Before coming to LuceLine, Terri worked at KQRS in Minneapolis for more than thirty years. Her morning show was the number one show in the country, several of them. Now, she leverages that PR experience to bring live music to the orchard. About making the jump from a radio skillset to an orchard, Terri shares, “This was completely different, but then it’s not. It’s very similar in some ways.”  Bands coming to LuceLine in November include Emerson Avenue, The JustUs Band, Olivia Roosa, and The Stand Ups.  

The farmhouse and barn that Rich and Terri turned into LuceLine Orchard was built in 1907. That more than a century in age required some serious renovations to both structures. 

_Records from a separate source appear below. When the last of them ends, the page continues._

(* Let $q\geq 3$ be an integer, let $\tau\geq 0$ be real, and let $\epsilon\in(0,1)$ be small. Set $$R=\min_{\substack{\gamma\in[0,q-1),\ \kappa\in[0,\frac{q-1}{q}),\\ \gamma+\kappa=\tau}}\left[1-(2\gamma-\kappa+1)H_q\!\left(\frac{\gamma}{2\gamma-\kappa+1}\right)+\gamma\log_q(q-1)-H_q(\kappa)\right]-\epsilon .$$ Then for all sufficiently large $n$, with probability at least $1-q^{-n}$, a random insdel code $\mathcal{C}\subseteq\Sigma_q^n$ of rate $R$ is $(\tau n,O(1/\epsilon))$-list-decodable.
   Context: $\Sigma_q$ is a finite alphabet of size $q$. The insdel distance $d(\mathbf a,\mathbf b)$ between words $\mathbf a\in\Sigma_q^{n_1}$, $\mathbf b\in\Sigma_q^{n_2}$ (lengths may differ) is the minimum number of single-symbol insertions and deletions needed to transform $\mathbf a$ into $\mathbf b$. For $\mathbf u\in\Sigma_q^n$ and real $z\ge 0$, the insdel ball is $\mathcal{B}(\mathbf u,z)=\{\mathbf v\in\bigcup_{i=\max\{n-z,0\}}^{n+z}\Sigma_q^i : d(\mathbf u,\mathbf v)\le z\}$. A code $\mathcal{C}\subseteq\Sigma_q^n$ is $(\tau n,L)$-list-decodable if for every nonnegative integer $m\in[\max(0,n-\tau n),n+\tau n]$ and every $\mathbf r\in\Sigma_q^m$, $|\mathcal{B}(\mathbf r,\tau n)\cap\mathcal{C}|\le L$. The rate of $\mathcal{C}$ is $\log_q|\mathcal{C}|/n$. A random insdel code of rate $R$ is a subset of $\Sigma_q^n$ of size $q^{Rn}$ chosen uniformly at random. $H_q(x)=x\log_q(q-1)-x\log_q x-(1-x)\log_q(1-x)$ for $0<x<1$, with $H_q(0)=H_q(1)=0$. *)

theory Defs
  imports Complex_Main
begin

definition words :: "nat \<Rightarrow> nat \<Rightarrow> nat list set" where
  "words q n = {w. length w = n \<and> set w \<subseteq> {..<q}}"

definition insdel_step :: "nat list \<Rightarrow> nat list \<Rightarrow> bool" where
  "insdel_step a b \<longleftrightarrow>
     (\<exists>xs ys c. a = xs @ c # ys \<and> b = xs @ ys) \<or>
     (\<exists>xs ys c. b = xs @ c # ys \<and> a = xs @ ys)"
lemma evolution_family_tendsto_initial:
  assumes EF: "evolution_family A DA W" and ES: "exp_stable W M \<omega>" and "0 \<le> M" and "0 \<le> \<omega>"
    and t: "t \<longlonglongrightarrow> t0" and x: "x \<longlonglongrightarrow> x0" and t_nonneg: "\<And>k. 0 \<le> t k" and "t0 < \<tau>"
  shows "(\<lambda>k. blinfun_apply (W \<tau> (t k)) (x k)) \<longlonglongrightarrow> blinfun_apply (W \<tau> t0) x0"
proof -
  have t0: "0 \<le> t0"
    using t_nonneg by (intro LIMSEQ_le_const[OF t]) auto
  have ev: "eventually (\<lambda>k. t k < \<tau>) sequentially"
    using order_tendstoD(2)[OF t \<open>t0 < \<tau>\<close>] .
  have C: "continuous_on {(t, s). 0 \<le> s \<and> s \<le> t} (\<lambda>(t, s). blinfun_apply (W t s) x0)"
    using EF unfolding evolution_family_def by blast
  have "((\<lambda>(t, s). blinfun_apply (W t s) x0) \<circ> (\<lambda>k. (\<tau>, min (t k) \<tau>)))
      \<longlonglongrightarrow> (\<lambda>(t, s). blinfun_apply (W t s) x0) (\<tau>, t0)"
    using t0 t_nonneg \<open>t0 < \<tau>\<close> tendsto_min[OF t tendsto_const[of \<tau>]]
    by (intro C[unfolded continuous_on_sequentially, rule_format]) (auto intro!: tendsto_Pair)
  then have "(\<lambda>k. blinfun_apply (W \<tau> (min (t k) \<tau>)) x0) \<longlonglongrightarrow> blinfun_apply (W \<tau> t0) x0"
    by (simp add: o_def)
  then have fixed: "(\<lambda>k. blinfun_apply (W \<tau> (t k)) x0) \<longlonglongrightarrow> blinfun_apply (W \<tau> t0) x0"
    by (rule Lim_transform_eventually) (use ev in \<open>auto elim: eventually_mono\<close>)
  have "eventually (\<lambda>k. norm (blinfun_apply (W \<tau> (t k)) (x k - x0)) \<le> M * norm (x k - x0)) sequentially"
    using ev
  proof eventually_elim
    case (elim k)
    have "norm (blinfun_apply (W \<tau> (t k)) (x k - x0)) \<le> M * exp (- \<omega> * (\<tau> - t k)) * norm (x k - x0)"
      using exp_stableD[OF ES t_nonneg] elim by simp
    also have "\<dots> \<le> M * norm (x k - x0)"
      using elim \<open>0 \<le> M\<close> \<open>0 \<le> \<omega>\<close> by (intro mult_right_mono mult_left_le) auto
    finally show ?case .
  qed
  moreover have "(\<lambda>k. M * norm (x k - x0)) \<longlonglongrightarrow> 0"
    using x by (intro tendsto_mult_right_zero) (simp add: tendsto_norm_zero_iff LIM_zero)
  ultimately have "(\<lambda>k. blinfun_apply (W \<tau> (t k)) (x k - x0)) \<longlonglongrightarrow> 0"
    by (rule Lim_null_comparison)
  from tendsto_add[OF this fixed] show ?thesis
    by (simp add: blinfun.diff_right)
qed

lemma has_integral_restrict_punctured:
  fixes f :: "'n::euclidean_space \<Rightarrow> 'a::banach"
  shows "(f has_integral i) S \<longleftrightarrow> ((\<lambda>x. if x \<in> S then f x else 0) has_integral i) (- {c})"
proof -
  have "negligible {x \<in> UNIV - (- {c}). g x \<noteq> 0}" for g :: "'n \<Rightarrow> 'a"
    by (rule negligible_subset[of "{c}"]) auto
  then show ?thesis
    unfolding has_integral_restrict_UNIV[where s = S and f = f, symmetric]
    by (intro has_integral_spike_set_eq) auto
qed

definition lyapunov_integrand :: "(real \<Rightarrow> real \<Rightarrow> 'x::real_normed_vector \<Rightarrow>\<^sub>L 'x) \<Rightarrow> real \<Rightarrow> 'x \<Rightarrow> real \<Rightarrow> real" where
  "lyapunov_integrand W s y \<tau> = (if s \<le> \<tau> then (norm (blinfun_apply (W \<tau> s) y))\<^sup>2 else 0)"

lemma has_integral_lyapunov_integrand:
  assumes "evolution_family A DA W" and "exp_stable W M \<omega>" and "\<omega> > 0" and "0 \<le> s"
  shows "(lyapunov_integrand W s y has_integral lyapunov_integral W s y) (- {c})"
proof -
  have "((\<lambda>\<tau>. (norm (blinfun_apply (W \<tau> s) y))\<^sup>2) has_integral lyapunov_integral W s y) {s..}"
    unfolding lyapunov_integral_def
    using exp_stable_square_integrable[OF assms order_refl] by (rule integrable_integral)
  then have "((\<lambda>\<tau>. if \<tau> \<in> {s..} then (norm (blinfun_apply (W \<tau> s) y))\<^sup>2 else 0)
      has_integral lyapunov_integral W s y) (- {c})"
    by (rule has_integral_restrict_punctured[THEN iffD1])
  then show ?thesis
    by (simp add: lyapunov_integrand_def[abs_def])
qed

lemma lyapunov_integrand_le:
  assumes ES: "exp_stable W M \<omega>" and "0 \<le> M" and "0 \<le> \<omega>" and "0 \<le> s" and "s \<le> T" and "norm y \<le> R"
  shows "norm (lyapunov_integrand W s y \<tau>) \<le> (if 0 \<le> \<tau> then M\<^sup>2 * R\<^sup>2 * exp (- (2 * \<omega>) * (\<tau> - T)) else 0)"
proof (cases "s \<le> \<tau>")
  case True
  have "(norm (blinfun_apply (W \<tau> s) y))\<^sup>2 \<le> M\<^sup>2 * (norm y)\<^sup>2 * exp (- (2 * \<omega>) * (\<tau> - s))"
    using exp_stable_square_le[OF ES \<open>0 \<le> s\<close> True] .
  also have "\<dots> \<le> M\<^sup>2 * R\<^sup>2 * exp (- (2 * \<omega>) * (\<tau> - T))"
    using assms by (intro mult_mono power_mono) (auto simp: mult_left_mono)
  finally show ?thesis
    using True \<open>0 \<le> s\<close> by (simp add: lyapunov_integrand_def)
qed (simp add: lyapunov_integrand_def)

lemma lyapunov_integrand_tendsto:
  assumes EF: "evolution_family A DA W" and ES: "exp_stable W M \<omega>" and "0 \<le> M" and "0 \<le> \<omega>"
    and t: "t \<longlonglongrightarrow> t0" and x: "x \<longlonglongrightarrow> x0" and t_nonneg: "\<And>k. 0 \<le> t k" and "\<tau> \<noteq> t0"
  shows "(\<lambda>k. lyapunov_integrand W (t k) (x k) \<tau>) \<longlonglongrightarrow> lyapunov_integrand W t0 x0 \<tau>"
proof (cases "\<tau> < t0")
  case True
  have "eventually (\<lambda>k. lyapunov_integrand W (t k) (x k) \<tau> = 0) sequentially"
    using order_tendstoD(1)[OF t True] by eventually_elim (simp add: lyapunov_integrand_def)
  then show ?thesis
    using True by (simp add: lyapunov_integrand_def tendsto_eventually)
next
  case False
  with \<open>\<tau> \<noteq> t0\<close> have "t0 < \<tau>" by auto
  have "(\<lambda>k. (norm (blinfun_apply (W \<tau> (t k)) (x k)))\<^sup>2) \<longlonglongrightarrow> (norm (blinfun_apply (W \<tau> t0) x0))\<^sup>2"
    using evolution_family_tendsto_initial[OF EF ES \<open>0 \<le> M\<close> \<open>0 \<le> \<omega>\<close> t x t_nonneg \<open>t0 < \<tau>\<close>]
    by (intro tendsto_power tendsto_norm)
  moreover have "eventually (\<lambda>k. (norm (blinfun_apply (W \<tau> (t k)) (x k)))\<^sup>2
      = lyapunov_integrand W (t k) (x k) \<tau>) sequentially"
    using order_tendstoD(2)[OF t \<open>t0 < \<tau>\<close>] by eventually_elim (simp add: lyapunov_integrand_def)
  ultimately show ?thesis
    using \<open>t0 < \<tau>\<close> by (simp add: lyapunov_integrand_def Lim_transform_eventually)
qed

What has been surprising about opening the orchard, however, has been crossing paths with people who used to live there long before Rich and Terri bought the place. While there have been several, a notable example was a woman who celebrated her ninety-fifth birthday at LuceLine Orchard. She had lived at the farm in the 1930s and 1940s when she had been a schoolteacher in Hutchinson. “When she first saw the barn, she teared up because she thought it would have been torn down,” says Terri. lucelineorchard.com
  

Minnetonka Orchard

Minnetonka Orchard is another well-loved fall destination for apple picking. Located west of Orono on County Road 26, Minnetonka Orchard has more than ten varieties of apples available to pick across its forty acres. 

Minnetonka Orchard sets itself apart by staying open through the Christmas season. The orchard opens for the Christmas season Thanksgiving weekend for a full calendar of Santa and Grinch visits, Live Christmas tree sales, and a gift barn.  
          
A specific focus of Minnetonka Orchard is tradition. “People come here with their kids and now with their grandkids,” says Crystal, the manager of Minnetonka Orchard. 

Many have been coming for years and don’t want the traditions that they once did to change. Favorites include Minnetonka Orchard’s apple cider doughnuts as well as the now-famous ‘How Tall This Fall?’ sign. “Simple things like a ‘How Tall This Fall’ sign, a Minnetonka Orchard sign with a ruler, hold a special place for visitors. People have been coming out to measure their kids with it for years. It’s just a staple here,” says Crystal.
           
So, whether you are returning to a long-loved orchard or venturing out to a new one, apple picking or kicking back for a picnic within the groves is a time-honored way to celebrate the season. minnetonkaorchardmn.com

Simple things like a ‘How Tall This Fall’ sign, a Minnetonka Orchard sign with a ruler, hold a special place for visitors. People have been coming out to measure their kids with it for years. It’s just a staple here.